▸ **PROBLEM STATEMENT**
Both the line with "M. 0 \<le> A" and the line with "M (\<lambda>\<omega>. A" in the records below must appear in the output, along with every line between them, exactly and with nothing added.

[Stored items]
■ ■ ■ ■

fun iter_tail :: "(real \<Rightarrow> real) \<Rightarrow> nat \<Rightarrow> real \<Rightarrow> real" where
  "iter_tail g 0 = g"
| "iter_tail g (Suc s) =
     (\<lambda>x. (LBINT t:{x..}. iter_tail g s t) /
          (if s = 0 then 1 else (LBINT t:{0..}. iter_tail g s t)))"

definition iter_mu :: "(real \<Rightarrow> real) \<Rightarrow> nat \<Rightarrow> real" where
  "iter_mu g s = (if s = 0 then 1 else (LBINT t:{0..}. iter_tail g s t))"

definition iter_density :: "(real \<Rightarrow> real) \<Rightarrow> nat \<Rightarrow> real \<Rightarrow> real" where
  "iter_density g s x = iter_tail g (s - 1) x / iter_mu g (s - 1)"

definition conv :: "(real \<Rightarrow> real) \<Rightarrow> (real \<Rightarrow> real) \<Rightarrow> real \<Rightarrow> real" where
  "conv g h x = (LBINT t:{0..x}. g t * h (x - t))"

end

theory Submission
  imports Defs
begin

text \<open>For a nonnegative random variable Y with a density and finite moments, the iterated tails are
  truncated moments: T_{Y,k}(x) = E (Y - x)_+^{k-1} / E Y^{k-1} for k \<ge> 1 (Tonelli, by induction on k),
  so the s-iterated density is (s - 1) E (Y - x)_+^{s-2} / E Y^{s-1}. For S_n = X_n + S_{n-1} split
  E (S_n - x)_+^{s-2} according to X_n < x or X_n \<ge> x. Conditioning on X_n, the first part is the
  convolution of f with the iterated density of S_{n-1}. On the second event
  (S_n - x)_+ = (X_n - x)_+ + S_{n-1}, so the binomial theorem and independence split it into products
  of moments of S_{n-1} and truncated moments of X_n, which are again iterated densities of f.\<close>

text \<open>ramp_pow k y x is (y - x)_+^k, but for k = 0 it is the indicator of x \<le> y rather than 1,
  so that T_{Y,1}(x) = P(Y \<ge> x) fits the truncated-moment formula.\<close>

definition ramp_pow :: "nat \<Rightarrow> real \<Rightarrow> real \<Rightarrow> real" where
  "ramp_pow k y x = (if x \<le> y then (y - x) ^ k else 0)"

lemma ramp_pow_nonneg: "0 \<le> ramp_pow k y x"
  by (simp add: ramp_pow_def)

lemma ramp_pow_le_power: "0 \<le> y \<Longrightarrow> 0 \<le> x \<Longrightarrow> ramp_pow k y x \<le> y ^ k"
  by (auto simp: ramp_pow_def intro!: power_mono)

lemma ramp_pow_add: "ramp_pow k (a + b) x = ramp_pow k b (x - a)"
  by (simp add: ramp_pow_def algebra_simps)

lemma measurable_ramp_pow [measurable]:
  assumes [measurable]: "Y \<in> borel_measurable N" "T \<in> borel_measurable N"
  shows "(\<lambda>w. ramp_pow k (Y w) (T w)) \<in> borel_measurable N"
  unfolding ramp_pow_def by measurable

lemma nn_integral_ramp_pow_Ici:
  "(\<integral>\<^sup>+ t. ennreal (ramp_pow k y t) * indicator {x..} t \<partial>lborel) = ennreal (ramp_pow (Suc k) y x / Suc k)"
proof (cases "x \<le> y")
  case True
  define F where "F t = - ((y - t) ^ Suc k) / real (Suc k)" for t
  have "(\<integral>\<^sup>+ t. ennreal (ramp_pow k y t) * indicator {x..} t \<partial>lborel)
      = (\<integral>\<^sup>+ t. ennreal ((y - t) ^ k) * indicator {x..y} t \<partial>lborel)"
    by (intro nn_integral_cong) (auto simp: ramp_pow_def indicator_def)
  also have "\<dots> = ennreal (F y - F x)"
    using True unfolding F_def
    by (intro nn_integral_FTC_Icc) (auto intro!: derivative_eq_intros simp del: power_Suc)
  finally show ?thesis
    using True by (simp add: ramp_pow_def F_def del: power_Suc)
next
  case False
  then have "(\<lambda>t. ennreal (ramp_pow k y t) * indicator {x..} t) = (\<lambda>t. 0)"
    by (auto simp: ramp_pow_def indicator_def)
  then show ?thesis
    using False by (simp add: ramp_pow_def)
qed

lemma power_le_one_plus_power:
  fixes y :: real
  assumes "0 \<le> y" "j \<le> m"
  shows "y ^ j \<le> 1 + y ^ m"
proof (cases "y \<le> 1")
  case True
  then have "y ^ j \<le> 1"
    using assms by (simp add: power_le_one)
  then show ?thesis
    using assms by (simp add: add_increasing2)
next
  case False
  then have "y ^ j \<le> y ^ m"
    using assms by (intro power_increasing) auto
  then show ?thesis by simp
qed

lemma power_add_le_two_power:
  fixes a b :: real
  assumes "0 \<le> a" "0 \<le> b"
  shows "(a + b) ^ p \<le> 2 ^ p * (a ^ p + b ^ p)"
proof -
  have "(a + b) ^ p \<le> (2 * max a b) ^ p"
    using assms by (intro power_mono) auto
  also have "\<dots> = 2 ^ p * max a b ^ p"
    by (simp add: power_mult_distrib)
  also have "\<dots> \<le> 2 ^ p * (a ^ p + b ^ p)"
    using assms by (auto simp: max_def)
  finally show ?thesis .
qed

lemma conv_mult_right: "conv g (\<lambda>t. c * h t) x = c * conv g h x"
proof -
  have "(\<lambda>t. g t * (c * h (x - t))) = (\<lambda>t. c * (g t * h (x - t)))"
    by (simp add: fun_eq_iff ac_simps)
  then show ?thesis
    unfolding conv_def by (simp add: set_integral_mult_right)
qed

context prob_space
begin

lemma integrable_power_le:
  fixes Y :: "'a \<Rightarrow> real"
  assumes [measurable]: "Y \<in> borel_measurable M" and nonneg: "AE \<omega> in M. 0 \<le> Y \<omega>"
    and int: "integrable M (\<lambda>\<omega>. Y \<omega> ^ m)" and "j \<le> m"
  shows "integrable M (\<lambda>\<omega>. Y \<omega> ^ j)"
proof (rule Bochner_Integration.integrable_bound[of _ "\<lambda>\<omega>. 1 + Y \<omega> ^ m"])
  show "integrable M (\<lambda>\<omega>. 1 + Y \<omega> ^ m)"
    using int by simp
  show "AE \<omega> in M. norm (Y \<omega> ^ j) \<le> norm (1 + Y \<omega> ^ m)"
    using nonneg by eventually_elim (use \<open>j \<le> m\<close> power_le_one_plus_power in auto)
qed simp

lemma integrable_ramp_pow:
  fixes Y :: "'a \<Rightarrow> real"
  assumes [measurable]: "Y \<in> borel_measurable M" and nonneg: "AE \<omega> in M. 0 \<le> Y \<omega>"
    and int: "integrable M (\<lambda>\<omega>. Y \<omega> ^ k)" and "0 \<le> x"
  shows "integrable M (\<lambda>\<omega>. ramp_pow k (Y \<omega>) x)"
proof (rule Bochner_Integration.integrable_bound[OF int])
  show "AE \<omega> in M. norm (ramp_pow k (Y \<omega>) x) \<le> norm (Y \<omega> ^ k)"
    using nonneg by eventually_elim (use \<open>0 \<le> x\<close> ramp_pow_le_power ramp_pow_nonneg in auto)
qed simp

lemma integral_split_indicator:
  fixes F A :: "'a \<Rightarrow> real"
  assumes int: "integrable M F" and [measurable]: "A \<in> borel_measurable M"
  shows "(\<integral>\<omega>. F \<omega> \<partial>M)
    = (\<integral>\<omega>. F \<omega> * indicator {..<x} (A \<omega>) \<partial>M) + (\<integral>\<omega>. F \<omega> * indicator {x..} (A \<omega>) \<partial>M)"
proof -
  have int_I: "integrable M (\<lambda>\<omega>. F \<omega> * indicator I (A \<omega>))" if "I \<in> sets borel" for I
    by (rule Bochner_Integration.integrable_bound[OF int]) (use that int in \<open>auto simp: indicator_def\<close>)
  show ?thesis
    by (subst Bochner_Integration.integral_add[symmetric, OF int_I int_I])
       (auto intro!: Bochner_Integration.integral_cong simp: indicator_def)
qed

lemma integral_ramp_pow_0:
  fixes Y :: "'a \<Rightarrow> real"
  assumes [measurable]: "Y \<in> borel_measurable M" and nonneg: "AE \<omega> in M. 0 \<le> Y \<omega>"
  shows "(\<integral>\<omega>. ramp_pow k (Y \<omega>) 0 \<partial>M) = (\<integral>\<omega>. Y \<omega> ^ k \<partial>M)"
  using nonneg by (intro integral_cong_AE) (auto simp: ramp_pow_def elim!: eventually_mono)

lemma integrable_add_power:
  fixes A B :: "'a \<Rightarrow> real"
  assumes [measurable]: "A \<in> borel_measurable M" "B \<in> borel_measurable M"
    and nonneg: "AE \<omega> in M. 0 \<le> A \<omega>" "AE \<omega> in M. 0 \<le> B \<omega>"
    and int: "integrable M (\<lambda>\<omega>. A \<omega> ^ p)" "integrable M (\<lambda>\<omega>. B \<omega> ^ p)"
  shows "integrable M (\<lambda>\<omega>. (A \<omega> + B \<omega>) ^ p)"
proof (rule Bochner_Integration.integrable_bound[of _ "\<lambda>\<omega>. 2 ^ p * (A \<omega> ^ p + B \<omega> ^ p)"])
  show "integrable M (\<lambda>\<omega>. 2 ^ p * (A \<omega> ^ p + B \<omega> ^ p))"
    using int by simp
  show "AE \<omega> in M. norm ((A \<omega> + B \<omega>) ^ p) \<le> norm (2 ^ p * (A \<omega> ^ p + B \<omega> ^ p))"
    using nonneg by eventually_elim (use power_add_le_two_power in auto)
qed simp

■ ■ ■ ■

▸ **EXERCISE OUTPUT**
    and nonneg: "AE \<omega> in M. 0 \<le> A \<omega>" "AE \<omega> in M. 0 \<le> B \<omega>"
    and int: "integrable M (\<lambda>\<omega>. A \<omega> ^ p)" "integrable M (\<lambda>\<omega>. B \<omega> ^ p)"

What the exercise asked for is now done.